- **Collected data entries**

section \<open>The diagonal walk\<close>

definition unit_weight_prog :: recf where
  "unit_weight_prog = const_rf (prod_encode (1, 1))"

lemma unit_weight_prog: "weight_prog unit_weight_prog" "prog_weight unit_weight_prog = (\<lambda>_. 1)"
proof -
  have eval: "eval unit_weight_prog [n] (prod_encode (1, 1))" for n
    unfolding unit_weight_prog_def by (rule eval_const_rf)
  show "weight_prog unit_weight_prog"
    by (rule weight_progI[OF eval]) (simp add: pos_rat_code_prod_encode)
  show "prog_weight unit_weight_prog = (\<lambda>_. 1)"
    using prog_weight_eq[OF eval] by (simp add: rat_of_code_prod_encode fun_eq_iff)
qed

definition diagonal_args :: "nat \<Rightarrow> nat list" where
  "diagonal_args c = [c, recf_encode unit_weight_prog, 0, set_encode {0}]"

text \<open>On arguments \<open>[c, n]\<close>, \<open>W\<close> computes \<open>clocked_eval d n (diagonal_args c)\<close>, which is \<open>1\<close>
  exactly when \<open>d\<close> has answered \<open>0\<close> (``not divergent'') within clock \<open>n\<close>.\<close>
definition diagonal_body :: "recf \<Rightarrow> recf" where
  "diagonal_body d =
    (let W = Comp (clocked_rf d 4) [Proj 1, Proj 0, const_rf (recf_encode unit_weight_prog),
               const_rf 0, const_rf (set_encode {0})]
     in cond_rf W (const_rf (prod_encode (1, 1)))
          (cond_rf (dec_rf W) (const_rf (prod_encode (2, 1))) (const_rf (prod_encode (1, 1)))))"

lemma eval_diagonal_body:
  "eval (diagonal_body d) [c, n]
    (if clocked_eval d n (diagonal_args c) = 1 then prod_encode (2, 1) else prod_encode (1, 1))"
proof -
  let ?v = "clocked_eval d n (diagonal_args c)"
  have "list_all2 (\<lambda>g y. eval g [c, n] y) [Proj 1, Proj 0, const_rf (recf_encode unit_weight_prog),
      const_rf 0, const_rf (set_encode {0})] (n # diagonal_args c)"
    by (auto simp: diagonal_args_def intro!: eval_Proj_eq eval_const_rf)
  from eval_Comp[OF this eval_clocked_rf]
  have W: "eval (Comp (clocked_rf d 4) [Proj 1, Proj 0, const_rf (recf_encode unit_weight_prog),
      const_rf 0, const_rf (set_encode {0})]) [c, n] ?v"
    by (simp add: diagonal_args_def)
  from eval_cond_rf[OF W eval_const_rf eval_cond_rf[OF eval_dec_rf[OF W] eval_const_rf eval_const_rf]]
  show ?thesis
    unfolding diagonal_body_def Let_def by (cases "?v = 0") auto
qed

==

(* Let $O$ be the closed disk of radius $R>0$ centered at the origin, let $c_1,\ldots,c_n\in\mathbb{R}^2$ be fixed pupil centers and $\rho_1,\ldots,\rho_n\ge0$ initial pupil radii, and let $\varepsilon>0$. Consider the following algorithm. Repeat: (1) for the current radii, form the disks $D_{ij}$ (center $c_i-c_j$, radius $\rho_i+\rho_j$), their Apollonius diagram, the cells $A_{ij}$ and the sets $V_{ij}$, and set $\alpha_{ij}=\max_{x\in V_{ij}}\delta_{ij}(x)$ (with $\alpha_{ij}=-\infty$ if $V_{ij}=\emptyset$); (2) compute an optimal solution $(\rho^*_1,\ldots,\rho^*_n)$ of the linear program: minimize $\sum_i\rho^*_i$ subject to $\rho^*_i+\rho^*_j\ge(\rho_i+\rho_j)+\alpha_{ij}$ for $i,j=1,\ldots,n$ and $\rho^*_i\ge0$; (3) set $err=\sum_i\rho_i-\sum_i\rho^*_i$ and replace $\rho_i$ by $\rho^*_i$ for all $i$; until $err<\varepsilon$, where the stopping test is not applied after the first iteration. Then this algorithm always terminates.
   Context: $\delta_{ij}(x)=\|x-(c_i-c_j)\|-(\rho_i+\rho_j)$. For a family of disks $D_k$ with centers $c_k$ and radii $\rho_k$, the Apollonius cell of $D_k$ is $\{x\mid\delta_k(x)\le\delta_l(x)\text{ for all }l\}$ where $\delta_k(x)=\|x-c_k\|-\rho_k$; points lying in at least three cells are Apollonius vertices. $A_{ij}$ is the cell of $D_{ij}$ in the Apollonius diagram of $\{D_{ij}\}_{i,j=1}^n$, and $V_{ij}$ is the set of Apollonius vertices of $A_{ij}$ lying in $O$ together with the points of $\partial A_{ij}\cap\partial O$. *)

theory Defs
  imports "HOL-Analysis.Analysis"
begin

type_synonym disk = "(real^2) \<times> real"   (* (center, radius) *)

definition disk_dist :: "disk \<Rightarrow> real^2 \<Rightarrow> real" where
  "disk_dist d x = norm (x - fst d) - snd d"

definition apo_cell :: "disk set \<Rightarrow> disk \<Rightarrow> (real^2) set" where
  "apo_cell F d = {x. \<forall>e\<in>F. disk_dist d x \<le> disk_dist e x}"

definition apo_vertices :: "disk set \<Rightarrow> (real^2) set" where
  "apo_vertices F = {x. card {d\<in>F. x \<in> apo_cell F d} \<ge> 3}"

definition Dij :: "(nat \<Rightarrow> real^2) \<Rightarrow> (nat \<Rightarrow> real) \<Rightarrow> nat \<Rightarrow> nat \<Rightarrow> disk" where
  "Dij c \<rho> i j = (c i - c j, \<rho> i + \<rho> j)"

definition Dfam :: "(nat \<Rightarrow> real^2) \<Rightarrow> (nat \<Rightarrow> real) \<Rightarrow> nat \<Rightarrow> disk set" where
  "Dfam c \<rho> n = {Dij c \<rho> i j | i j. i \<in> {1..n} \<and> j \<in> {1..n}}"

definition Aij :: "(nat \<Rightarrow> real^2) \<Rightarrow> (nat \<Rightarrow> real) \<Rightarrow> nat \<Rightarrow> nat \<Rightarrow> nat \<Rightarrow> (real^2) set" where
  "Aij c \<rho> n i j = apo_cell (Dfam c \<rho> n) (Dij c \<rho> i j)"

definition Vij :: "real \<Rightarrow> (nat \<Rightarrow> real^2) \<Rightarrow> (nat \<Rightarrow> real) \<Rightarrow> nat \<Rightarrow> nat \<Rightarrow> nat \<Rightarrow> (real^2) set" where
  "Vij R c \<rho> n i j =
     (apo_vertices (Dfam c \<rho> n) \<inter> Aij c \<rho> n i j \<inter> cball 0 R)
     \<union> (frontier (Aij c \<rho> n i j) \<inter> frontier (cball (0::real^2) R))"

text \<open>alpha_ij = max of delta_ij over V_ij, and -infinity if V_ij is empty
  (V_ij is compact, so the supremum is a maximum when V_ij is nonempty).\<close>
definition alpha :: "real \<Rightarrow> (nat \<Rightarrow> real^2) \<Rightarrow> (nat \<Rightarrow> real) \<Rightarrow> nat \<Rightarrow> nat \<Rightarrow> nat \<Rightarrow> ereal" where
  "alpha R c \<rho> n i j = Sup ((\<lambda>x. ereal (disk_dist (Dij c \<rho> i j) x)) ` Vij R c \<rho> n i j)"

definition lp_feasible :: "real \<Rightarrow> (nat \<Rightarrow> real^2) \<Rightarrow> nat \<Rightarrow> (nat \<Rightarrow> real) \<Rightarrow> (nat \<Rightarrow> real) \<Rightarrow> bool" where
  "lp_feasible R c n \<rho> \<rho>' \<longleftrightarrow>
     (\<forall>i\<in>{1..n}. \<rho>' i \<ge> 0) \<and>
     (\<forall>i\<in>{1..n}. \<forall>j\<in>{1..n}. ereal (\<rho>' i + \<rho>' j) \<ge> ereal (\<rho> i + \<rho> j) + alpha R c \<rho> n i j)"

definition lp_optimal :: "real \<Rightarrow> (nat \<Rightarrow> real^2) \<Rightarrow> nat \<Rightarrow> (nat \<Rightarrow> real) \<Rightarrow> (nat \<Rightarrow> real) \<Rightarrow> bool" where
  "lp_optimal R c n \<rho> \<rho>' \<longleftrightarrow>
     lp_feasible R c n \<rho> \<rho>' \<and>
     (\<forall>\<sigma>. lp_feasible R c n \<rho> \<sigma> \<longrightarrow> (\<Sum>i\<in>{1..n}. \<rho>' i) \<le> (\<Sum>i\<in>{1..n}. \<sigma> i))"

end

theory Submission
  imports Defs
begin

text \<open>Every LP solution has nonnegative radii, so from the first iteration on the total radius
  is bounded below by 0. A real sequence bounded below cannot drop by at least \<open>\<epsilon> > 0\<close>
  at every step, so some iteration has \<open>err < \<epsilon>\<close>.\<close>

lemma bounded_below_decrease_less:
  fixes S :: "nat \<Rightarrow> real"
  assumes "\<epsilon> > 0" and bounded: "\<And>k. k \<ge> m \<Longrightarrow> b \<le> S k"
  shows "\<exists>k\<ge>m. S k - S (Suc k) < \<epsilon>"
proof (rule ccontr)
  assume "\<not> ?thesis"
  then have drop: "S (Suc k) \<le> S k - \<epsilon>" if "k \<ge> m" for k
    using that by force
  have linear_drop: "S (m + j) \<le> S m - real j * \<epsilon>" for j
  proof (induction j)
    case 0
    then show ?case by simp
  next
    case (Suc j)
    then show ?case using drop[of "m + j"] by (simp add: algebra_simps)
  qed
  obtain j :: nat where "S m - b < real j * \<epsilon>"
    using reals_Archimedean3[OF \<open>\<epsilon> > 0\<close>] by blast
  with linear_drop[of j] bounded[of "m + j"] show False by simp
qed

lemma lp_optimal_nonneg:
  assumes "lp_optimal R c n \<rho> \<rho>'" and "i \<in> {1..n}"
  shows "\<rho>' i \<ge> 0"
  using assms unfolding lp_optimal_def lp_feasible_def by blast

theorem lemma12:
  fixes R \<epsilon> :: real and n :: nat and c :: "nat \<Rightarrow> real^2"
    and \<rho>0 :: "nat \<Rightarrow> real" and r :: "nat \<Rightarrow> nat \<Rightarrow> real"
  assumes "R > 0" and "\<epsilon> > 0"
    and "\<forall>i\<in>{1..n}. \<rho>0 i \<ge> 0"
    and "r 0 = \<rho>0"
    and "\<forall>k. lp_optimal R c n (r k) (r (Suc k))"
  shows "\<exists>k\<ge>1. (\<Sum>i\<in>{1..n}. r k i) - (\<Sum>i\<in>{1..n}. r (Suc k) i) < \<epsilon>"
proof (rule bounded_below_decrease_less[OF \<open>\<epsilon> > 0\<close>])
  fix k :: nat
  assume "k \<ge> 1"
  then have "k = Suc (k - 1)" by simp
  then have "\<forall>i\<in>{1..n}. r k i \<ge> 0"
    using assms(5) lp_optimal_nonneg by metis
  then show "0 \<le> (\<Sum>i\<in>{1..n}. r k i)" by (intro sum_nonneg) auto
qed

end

--

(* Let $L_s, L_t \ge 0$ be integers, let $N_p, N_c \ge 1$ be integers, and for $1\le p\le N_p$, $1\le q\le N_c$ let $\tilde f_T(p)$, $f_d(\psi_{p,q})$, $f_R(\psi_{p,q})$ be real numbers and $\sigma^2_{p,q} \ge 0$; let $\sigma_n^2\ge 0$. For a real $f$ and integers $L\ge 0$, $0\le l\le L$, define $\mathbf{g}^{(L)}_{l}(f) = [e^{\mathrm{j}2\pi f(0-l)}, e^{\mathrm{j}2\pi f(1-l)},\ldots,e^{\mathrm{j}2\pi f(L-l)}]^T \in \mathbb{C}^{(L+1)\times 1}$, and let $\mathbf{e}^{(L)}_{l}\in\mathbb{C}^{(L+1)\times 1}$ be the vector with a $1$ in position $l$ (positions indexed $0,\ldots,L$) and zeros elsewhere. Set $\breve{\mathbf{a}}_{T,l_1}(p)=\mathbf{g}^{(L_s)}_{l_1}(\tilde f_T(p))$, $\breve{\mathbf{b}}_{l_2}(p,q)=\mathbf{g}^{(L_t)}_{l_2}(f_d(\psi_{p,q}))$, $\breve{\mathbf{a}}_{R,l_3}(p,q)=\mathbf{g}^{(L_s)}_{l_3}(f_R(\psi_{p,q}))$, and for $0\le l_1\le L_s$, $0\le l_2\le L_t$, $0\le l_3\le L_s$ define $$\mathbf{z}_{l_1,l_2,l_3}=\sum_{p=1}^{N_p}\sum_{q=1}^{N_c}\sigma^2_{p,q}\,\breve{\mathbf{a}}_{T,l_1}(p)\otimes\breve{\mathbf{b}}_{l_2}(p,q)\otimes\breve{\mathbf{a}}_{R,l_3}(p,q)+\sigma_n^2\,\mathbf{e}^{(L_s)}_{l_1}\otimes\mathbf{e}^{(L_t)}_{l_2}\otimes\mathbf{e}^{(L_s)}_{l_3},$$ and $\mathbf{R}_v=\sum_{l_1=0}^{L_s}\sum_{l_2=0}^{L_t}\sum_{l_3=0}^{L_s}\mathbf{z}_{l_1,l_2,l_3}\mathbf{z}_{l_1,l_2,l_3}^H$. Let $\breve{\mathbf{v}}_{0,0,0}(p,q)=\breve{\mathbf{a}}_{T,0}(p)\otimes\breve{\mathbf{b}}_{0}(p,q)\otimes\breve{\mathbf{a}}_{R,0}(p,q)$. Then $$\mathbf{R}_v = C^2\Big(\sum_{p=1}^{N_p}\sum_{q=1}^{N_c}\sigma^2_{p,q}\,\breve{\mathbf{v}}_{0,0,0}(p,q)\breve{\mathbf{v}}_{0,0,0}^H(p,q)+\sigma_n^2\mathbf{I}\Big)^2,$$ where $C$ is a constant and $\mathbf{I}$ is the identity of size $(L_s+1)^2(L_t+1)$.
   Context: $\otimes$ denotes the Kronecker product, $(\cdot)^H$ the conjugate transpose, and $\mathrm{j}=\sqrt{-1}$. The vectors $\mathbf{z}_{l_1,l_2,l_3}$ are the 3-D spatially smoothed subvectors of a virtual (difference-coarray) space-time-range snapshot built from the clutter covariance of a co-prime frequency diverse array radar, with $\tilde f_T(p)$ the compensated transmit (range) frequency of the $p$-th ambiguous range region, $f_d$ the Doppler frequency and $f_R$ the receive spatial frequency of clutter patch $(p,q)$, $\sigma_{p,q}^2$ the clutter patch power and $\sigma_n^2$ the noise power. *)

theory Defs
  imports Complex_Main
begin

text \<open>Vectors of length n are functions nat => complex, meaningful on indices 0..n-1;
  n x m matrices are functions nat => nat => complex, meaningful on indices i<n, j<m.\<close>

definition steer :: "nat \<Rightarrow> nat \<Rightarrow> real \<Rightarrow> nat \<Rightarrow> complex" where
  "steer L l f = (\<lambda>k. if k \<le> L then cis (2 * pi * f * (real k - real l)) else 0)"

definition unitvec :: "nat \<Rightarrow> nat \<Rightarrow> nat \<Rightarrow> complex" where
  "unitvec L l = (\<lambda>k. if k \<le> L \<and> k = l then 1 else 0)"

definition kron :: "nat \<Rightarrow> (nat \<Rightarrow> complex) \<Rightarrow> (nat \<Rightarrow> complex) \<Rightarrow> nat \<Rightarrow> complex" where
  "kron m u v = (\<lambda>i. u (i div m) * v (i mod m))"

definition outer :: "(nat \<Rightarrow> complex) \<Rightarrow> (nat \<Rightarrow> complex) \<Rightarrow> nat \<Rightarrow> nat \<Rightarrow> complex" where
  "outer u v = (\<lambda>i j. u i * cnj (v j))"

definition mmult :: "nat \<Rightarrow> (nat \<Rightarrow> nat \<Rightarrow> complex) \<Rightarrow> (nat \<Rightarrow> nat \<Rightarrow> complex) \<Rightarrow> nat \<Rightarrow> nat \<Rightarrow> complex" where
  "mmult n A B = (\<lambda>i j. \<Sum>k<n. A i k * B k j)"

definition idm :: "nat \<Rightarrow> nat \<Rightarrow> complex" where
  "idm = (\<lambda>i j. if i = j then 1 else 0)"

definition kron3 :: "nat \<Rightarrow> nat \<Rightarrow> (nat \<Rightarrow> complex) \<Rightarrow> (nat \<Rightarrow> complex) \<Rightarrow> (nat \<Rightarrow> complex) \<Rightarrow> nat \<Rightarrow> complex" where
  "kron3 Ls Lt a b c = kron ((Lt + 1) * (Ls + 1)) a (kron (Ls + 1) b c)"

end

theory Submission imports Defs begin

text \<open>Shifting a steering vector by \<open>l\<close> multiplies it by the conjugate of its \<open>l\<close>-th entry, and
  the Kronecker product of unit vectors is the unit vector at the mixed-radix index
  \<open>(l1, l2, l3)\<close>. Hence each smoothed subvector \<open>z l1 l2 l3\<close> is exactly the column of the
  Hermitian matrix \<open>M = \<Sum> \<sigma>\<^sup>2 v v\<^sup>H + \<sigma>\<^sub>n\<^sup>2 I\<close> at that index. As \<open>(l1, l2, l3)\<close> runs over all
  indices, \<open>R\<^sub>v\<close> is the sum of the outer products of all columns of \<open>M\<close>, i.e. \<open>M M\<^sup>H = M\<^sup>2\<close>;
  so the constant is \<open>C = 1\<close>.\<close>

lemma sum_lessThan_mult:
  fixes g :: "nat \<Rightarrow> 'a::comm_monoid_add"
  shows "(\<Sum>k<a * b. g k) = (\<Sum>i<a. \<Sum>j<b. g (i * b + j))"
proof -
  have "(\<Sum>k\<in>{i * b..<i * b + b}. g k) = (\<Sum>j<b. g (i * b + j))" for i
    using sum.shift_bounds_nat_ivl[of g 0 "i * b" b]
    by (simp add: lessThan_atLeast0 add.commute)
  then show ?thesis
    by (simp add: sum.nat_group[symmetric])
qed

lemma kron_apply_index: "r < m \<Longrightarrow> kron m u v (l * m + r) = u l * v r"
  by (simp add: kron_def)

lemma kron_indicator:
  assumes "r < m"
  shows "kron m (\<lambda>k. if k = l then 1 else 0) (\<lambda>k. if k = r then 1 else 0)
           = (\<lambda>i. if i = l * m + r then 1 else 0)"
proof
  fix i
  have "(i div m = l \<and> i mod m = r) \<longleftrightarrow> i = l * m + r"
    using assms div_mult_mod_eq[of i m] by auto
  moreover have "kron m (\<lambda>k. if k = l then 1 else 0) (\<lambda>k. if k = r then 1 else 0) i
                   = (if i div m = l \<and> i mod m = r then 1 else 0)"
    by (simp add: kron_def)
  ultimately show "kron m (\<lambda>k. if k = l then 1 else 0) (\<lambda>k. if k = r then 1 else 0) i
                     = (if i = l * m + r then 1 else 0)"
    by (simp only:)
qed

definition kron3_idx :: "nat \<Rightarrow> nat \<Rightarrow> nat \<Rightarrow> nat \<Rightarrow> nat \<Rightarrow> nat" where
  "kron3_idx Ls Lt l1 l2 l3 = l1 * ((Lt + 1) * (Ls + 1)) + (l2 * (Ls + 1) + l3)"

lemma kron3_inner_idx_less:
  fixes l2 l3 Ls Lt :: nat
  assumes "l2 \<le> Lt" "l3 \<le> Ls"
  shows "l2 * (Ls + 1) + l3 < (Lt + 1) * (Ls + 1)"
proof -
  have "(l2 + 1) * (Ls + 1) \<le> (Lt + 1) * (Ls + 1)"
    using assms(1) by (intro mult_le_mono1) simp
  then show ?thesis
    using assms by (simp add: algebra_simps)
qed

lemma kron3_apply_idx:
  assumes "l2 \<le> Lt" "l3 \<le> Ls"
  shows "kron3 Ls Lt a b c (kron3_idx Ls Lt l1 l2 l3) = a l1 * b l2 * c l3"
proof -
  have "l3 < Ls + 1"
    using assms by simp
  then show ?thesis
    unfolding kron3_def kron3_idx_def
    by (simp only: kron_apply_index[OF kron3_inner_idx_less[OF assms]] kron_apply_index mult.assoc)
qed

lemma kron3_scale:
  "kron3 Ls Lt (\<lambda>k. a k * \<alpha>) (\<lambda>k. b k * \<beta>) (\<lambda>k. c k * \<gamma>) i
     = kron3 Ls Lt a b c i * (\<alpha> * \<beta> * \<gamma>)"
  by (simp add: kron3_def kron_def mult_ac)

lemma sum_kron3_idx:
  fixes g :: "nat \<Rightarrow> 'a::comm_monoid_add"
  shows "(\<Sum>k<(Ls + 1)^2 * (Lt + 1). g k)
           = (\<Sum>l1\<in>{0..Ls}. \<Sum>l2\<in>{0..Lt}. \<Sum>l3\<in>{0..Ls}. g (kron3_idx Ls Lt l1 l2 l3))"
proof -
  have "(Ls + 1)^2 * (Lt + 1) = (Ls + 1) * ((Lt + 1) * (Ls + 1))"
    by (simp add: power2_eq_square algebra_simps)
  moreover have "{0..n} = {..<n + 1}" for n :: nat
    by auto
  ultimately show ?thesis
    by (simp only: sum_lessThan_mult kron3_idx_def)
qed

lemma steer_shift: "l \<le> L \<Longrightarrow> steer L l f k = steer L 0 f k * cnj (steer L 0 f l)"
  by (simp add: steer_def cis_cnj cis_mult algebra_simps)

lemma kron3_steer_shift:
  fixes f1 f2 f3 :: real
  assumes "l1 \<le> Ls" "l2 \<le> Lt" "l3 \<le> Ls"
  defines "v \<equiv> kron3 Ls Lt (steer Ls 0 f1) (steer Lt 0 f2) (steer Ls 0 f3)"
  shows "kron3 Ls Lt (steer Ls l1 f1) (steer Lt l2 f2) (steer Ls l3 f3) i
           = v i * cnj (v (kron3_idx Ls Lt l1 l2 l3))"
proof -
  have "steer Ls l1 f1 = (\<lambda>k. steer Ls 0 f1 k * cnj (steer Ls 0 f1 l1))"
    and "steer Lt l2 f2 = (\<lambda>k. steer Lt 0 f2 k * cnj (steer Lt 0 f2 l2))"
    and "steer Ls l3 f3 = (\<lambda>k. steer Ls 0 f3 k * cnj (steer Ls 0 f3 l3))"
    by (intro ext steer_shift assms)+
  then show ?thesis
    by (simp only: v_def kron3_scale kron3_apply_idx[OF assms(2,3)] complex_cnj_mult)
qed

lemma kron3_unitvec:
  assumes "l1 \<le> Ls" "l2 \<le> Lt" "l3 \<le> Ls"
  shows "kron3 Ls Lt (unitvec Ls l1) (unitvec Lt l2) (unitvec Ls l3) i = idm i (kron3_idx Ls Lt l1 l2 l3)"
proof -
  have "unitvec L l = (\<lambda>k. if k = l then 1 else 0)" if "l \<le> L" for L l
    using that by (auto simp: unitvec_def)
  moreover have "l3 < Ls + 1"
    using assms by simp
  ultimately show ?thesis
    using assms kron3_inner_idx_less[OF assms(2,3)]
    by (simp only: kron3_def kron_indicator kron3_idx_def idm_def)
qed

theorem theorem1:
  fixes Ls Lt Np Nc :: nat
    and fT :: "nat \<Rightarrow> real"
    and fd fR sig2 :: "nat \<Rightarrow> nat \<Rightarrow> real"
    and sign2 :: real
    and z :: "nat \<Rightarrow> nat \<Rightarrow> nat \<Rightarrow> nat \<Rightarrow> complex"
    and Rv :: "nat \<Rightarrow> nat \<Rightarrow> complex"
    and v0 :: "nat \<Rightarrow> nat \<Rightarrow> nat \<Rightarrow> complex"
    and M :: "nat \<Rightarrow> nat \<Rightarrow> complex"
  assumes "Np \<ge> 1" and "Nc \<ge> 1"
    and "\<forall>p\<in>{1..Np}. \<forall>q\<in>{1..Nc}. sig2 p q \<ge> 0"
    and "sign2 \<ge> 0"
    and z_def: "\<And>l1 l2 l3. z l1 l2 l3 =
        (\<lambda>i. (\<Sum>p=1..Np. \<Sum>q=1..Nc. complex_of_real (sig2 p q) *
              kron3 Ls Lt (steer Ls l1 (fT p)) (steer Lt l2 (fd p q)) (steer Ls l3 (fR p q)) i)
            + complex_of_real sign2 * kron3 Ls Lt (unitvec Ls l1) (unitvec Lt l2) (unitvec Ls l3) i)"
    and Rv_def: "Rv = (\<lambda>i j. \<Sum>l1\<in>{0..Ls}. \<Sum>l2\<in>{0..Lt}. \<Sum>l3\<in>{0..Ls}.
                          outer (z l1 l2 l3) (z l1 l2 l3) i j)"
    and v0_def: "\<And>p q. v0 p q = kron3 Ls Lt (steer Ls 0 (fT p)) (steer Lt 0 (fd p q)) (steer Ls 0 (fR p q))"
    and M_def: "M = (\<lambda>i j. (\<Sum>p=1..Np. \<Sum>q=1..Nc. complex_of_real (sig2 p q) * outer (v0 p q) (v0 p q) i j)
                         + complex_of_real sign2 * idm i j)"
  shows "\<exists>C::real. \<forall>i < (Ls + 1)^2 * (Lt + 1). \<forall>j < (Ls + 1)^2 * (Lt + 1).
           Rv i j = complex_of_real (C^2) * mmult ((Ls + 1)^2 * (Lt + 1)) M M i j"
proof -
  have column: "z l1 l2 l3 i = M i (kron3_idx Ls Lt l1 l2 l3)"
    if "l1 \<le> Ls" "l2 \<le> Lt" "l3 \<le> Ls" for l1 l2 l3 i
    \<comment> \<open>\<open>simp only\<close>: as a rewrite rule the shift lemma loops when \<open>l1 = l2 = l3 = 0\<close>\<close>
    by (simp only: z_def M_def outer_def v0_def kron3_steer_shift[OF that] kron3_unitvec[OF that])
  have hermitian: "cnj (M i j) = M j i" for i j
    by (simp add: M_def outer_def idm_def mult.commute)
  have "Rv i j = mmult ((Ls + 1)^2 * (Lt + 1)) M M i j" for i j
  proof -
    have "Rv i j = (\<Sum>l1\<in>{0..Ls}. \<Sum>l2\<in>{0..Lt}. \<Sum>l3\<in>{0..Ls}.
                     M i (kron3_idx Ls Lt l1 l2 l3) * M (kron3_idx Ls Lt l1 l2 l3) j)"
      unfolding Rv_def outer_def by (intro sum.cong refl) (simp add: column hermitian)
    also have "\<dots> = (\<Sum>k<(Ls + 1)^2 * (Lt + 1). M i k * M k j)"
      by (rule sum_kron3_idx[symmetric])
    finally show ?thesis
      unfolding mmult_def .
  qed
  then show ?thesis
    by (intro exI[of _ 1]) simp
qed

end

- **TASK PROMPT**
Pull out all lines from the entries above in which the word "theory" appears.

- **RESPONSE AREA**
theory Defs
theory Submission
theory Defs
theory Submission imports Defs begin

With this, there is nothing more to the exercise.